Mammad Yusif Jafarov Hajibaba oghlu (; March 14, 1885 - May 15, 1938) was an Azerbaijani statesman.

Early life
Jafarov was born on March 14, in Baku, in the Baku Governorate of the Russian Empire (present-day Azerbaijan). He was the younger brother of a prominent professor and journalist, Ali Isgender Jafarzadeh. After completion of his secondary education, Jafarov studied in at Moscow State University graduating with a cum laude degree in law in 1912. While in Moscow, he was one of the organizers of regular ethnic Azerbaijani concerts and co-founders of Azerbaijani diaspora organizations.

Political career

Russian Empire
In 1912, when Fourth Duma of Russian Empire convened in Saint Petersburg, Mammad Yusif Jafarov was elected by the Muslim population of Baku, Ganja and Erivan governorates to represent them in state parliament.
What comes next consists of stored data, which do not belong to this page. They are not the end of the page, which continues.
(* Let $N\ge2$, $\tilde m\in(0,1)^N$ with entries summing to $1$, $\mathbb{U}=\{X\in\mathbb{R}^{N\times 3}\mid \tilde m^\top X=\mathbf{0}^\top\}$, $m=3(N-1)$, $\varphi:\mathbb{R}^m\to\mathbb{U}$ a linear isometric isomorphism, $\mathbb{T}\subseteq\mathrm{O}(3)$, and $\mathbb{P}$ the set of $N\times N$ permutation matrices mapping $\mathbb{U}$ into itself. Let $\hat\varepsilon^\varphi_\theta:\mathbb{U}\times\mathbb{R}^{N\times d}\times\{0,\dots,T\}\to\mathbb{U}$ be a function (the denoiser) such that for every $R\in\mathbb{T}$ and $\Pi\in\mathbb{P}$, $$\hat\varepsilon^\varphi_\theta(\Pi XR^\top,\Pi C,t)=\Pi\,\hat\varepsilon^\varphi_\theta(X,C,t)\,R^\top\quad\text{for all }X\in\mathbb{U},\ C\in\mathbb{R}^{N\times d},\ t.$$ Then the transitions $p_\theta(z_{t-1}\mid z_t,C)$ ($1\le t\le T$) and $p_\theta(x\mid z_0,C)$ of the associated diffusion model are $(\mathbb{T},\mathbb{P})$-equivariant.
   Context: Noise schedule: $\alpha_t\in(0,1)$ for $t=0,\dots,T$, $\sigma_t^2=1-\alpha_t^2$, $\alpha_{-1}=1$, $\tilde\alpha_t=\alpha_t/\alpha_{t-1}$, $\tilde\sigma_t^2=\sigma_t^2-\tilde\alpha_t^2\sigma_{t-1}^2$. The denoiser on $\mathbb{R}^m$ is $\hat\varepsilon_\theta(u,C,t)=\varphi^{-1}(\hat\varepsilon^\varphi_\theta(\varphi(u),C,t))$, and $\hat x_\theta(u,C,t)=\frac{1}{\alpha_t}u-\frac{\sigma_t}{\alpha_t}\hat\varepsilon_\theta(u,C,t)$. The transitions are $p_\theta(x\mid z_0,C)=\mathcal{N}(x;\hat x_\theta(z_0,C,0),\alpha_0^2\sigma_0^{-2}I_m)$ and, for $t\ge1$, $p_\theta(z_{t-1}\mid z_t,C)=\mathcal{N}\big(z_{t-1};\frac{\tilde\alpha_t\sigma_{t-1}^2}{\sigma_t^2}z_t+\frac{\alpha_{t-1}\tilde\sigma_t^2}{\sigma_t^2}\hat x_\theta(z_t,C,t),\frac{\tilde\sigma_t^2\sigma_{t-1}^2}{\sigma_t^2}I_m\big)$. For $R\in\mathbb{T}$ and $\Pi\in\mathbb{P}$ define $\lambda(u)=\varphi^{-1}(\Pi\varphi(u)R^\top)$. A conditional density $p(\cdot\mid\cdot,\cdot):\mathbb{R}^m\times\mathbb{R}^m\times\mathbb{R}^{N\times d}\to\mathbb{R}$ is $(\mathbb{T},\mathbb{P})$-equivariant if $p(\lambda(u)\mid\lambda(u'),\Pi C)=p(u\mid u',C)$ for all $R\in\mathbb{T}$, $\Pi\in\mathbb{P}$, $u,u'\in\mathbb{R}^m$, $C\in\mathbb{R}^{N\times d}$. *)

theory Defs
  imports "HOL-Analysis.Analysis"
begin

definition centred_space :: "real ^ 'n \<Rightarrow> (real ^ 3 ^ 'n) set" where
  "centred_space mt = {X. \<forall>j. (\<Sum>i\<in>UNIV. mt $ i * X $ i $ j) = 0}"

definition permutation_matrix :: "real ^ 'n ^ 'n \<Rightarrow> bool" where
  "permutation_matrix P \<longleftrightarrow>
     (\<exists>p. p permutes (UNIV :: 'n set) \<and> P = (\<chi> i j. if p i = j then 1 else 0))"

definition perm_set :: "real ^ 'n \<Rightarrow> (real ^ 'n ^ 'n) set" where
  "perm_set mt = {P. permutation_matrix P \<and> (\<forall>X \<in> centred_space mt. P ** X \<in> centred_space mt)}"

definition gauss_dens :: "real \<Rightarrow> 'a::euclidean_space \<Rightarrow> 'a \<Rightarrow> real" where
  "gauss_dens v mu x =
     (2 * pi * v) powr (- (real DIM('a)) / 2) * exp (- (norm (x - mu))\<^sup>2 / (2 * v))"

text \<open>Noise schedule, with alpha_{-1} = 1 (so sigma_{-1} = 0).\<close>
definition alpha_prev :: "(nat \<Rightarrow> real) \<Rightarrow> nat \<Rightarrow> real" where
  "alpha_prev \<alpha> t = (if t = 0 then 1 else \<alpha> (t - 1))"

definition sig2 :: "(nat \<Rightarrow> real) \<Rightarrow> nat \<Rightarrow> real" where
  "sig2 \<alpha> t = 1 - (\<alpha> t)\<^sup>2"

definition sig :: "(nat \<Rightarrow> real) \<Rightarrow> nat \<Rightarrow> real" where
  "sig \<alpha> t = sqrt (sig2 \<alpha> t)"

definition sig2_prev :: "(nat \<Rightarrow> real) \<Rightarrow> nat \<Rightarrow> real" where
  "sig2_prev \<alpha> t = 1 - (alpha_prev \<alpha> t)\<^sup>2"

definition alpha_tilde :: "(nat \<Rightarrow> real) \<Rightarrow> nat \<Rightarrow> real" where
  "alpha_tilde \<alpha> t = \<alpha> t / alpha_prev \<alpha> t"

definition sig2_tilde :: "(nat \<Rightarrow> real) \<Rightarrow> nat \<Rightarrow> real" where
  "sig2_tilde \<alpha> t = sig2 \<alpha> t - (alpha_tilde \<alpha> t)\<^sup>2 * sig2_prev \<alpha> t"

definition eps_m ::
  "('m::euclidean_space \<Rightarrow> real ^ 3 ^ 'n) \<Rightarrow>
   (real ^ 3 ^ 'n \<Rightarrow> real ^ 'd ^ 'n \<Rightarrow> nat \<Rightarrow> real ^ 3 ^ 'n) \<Rightarrow>
   'm \<Rightarrow> real ^ 'd ^ 'n \<Rightarrow> nat \<Rightarrow> 'm" where
  "eps_m \<phi> epsphi u C t = inv_into UNIV \<phi> (epsphi (\<phi> u) C t)"

definition xhat ::
  "(nat \<Rightarrow> real) \<Rightarrow> ('m::euclidean_space \<Rightarrow> real ^ 3 ^ 'n) \<Rightarrow>
   (real ^ 3 ^ 'n \<Rightarrow> real ^ 'd ^ 'n \<Rightarrow> nat \<Rightarrow> real ^ 3 ^ 'n) \<Rightarrow>
   'm \<Rightarrow> real ^ 'd ^ 'n \<Rightarrow> nat \<Rightarrow> 'm" where
  "xhat \<alpha> \<phi> epsphi u C t =
     (1 / \<alpha> t) *\<^sub>R u - (sig \<alpha> t / \<alpha> t) *\<^sub>R eps_m \<phi> epsphi u C t"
In Saint Petersburg, he joined Constitutional Democratic Party (also known as Kadets). While in the Duma, he repeatedly criticized Tsar's government for their unjust colonization policy in Azerbaijan. On March 9, immediately after Russia's February Revolution, the interim government established the Transcaucasian Committee of the Duma. Jafarov was one of the members of the committee that managed the industrial and economic operations. On November 15, 1917, he was appointed Commissar of Industry and Trade of Transcaucasian Commissariat.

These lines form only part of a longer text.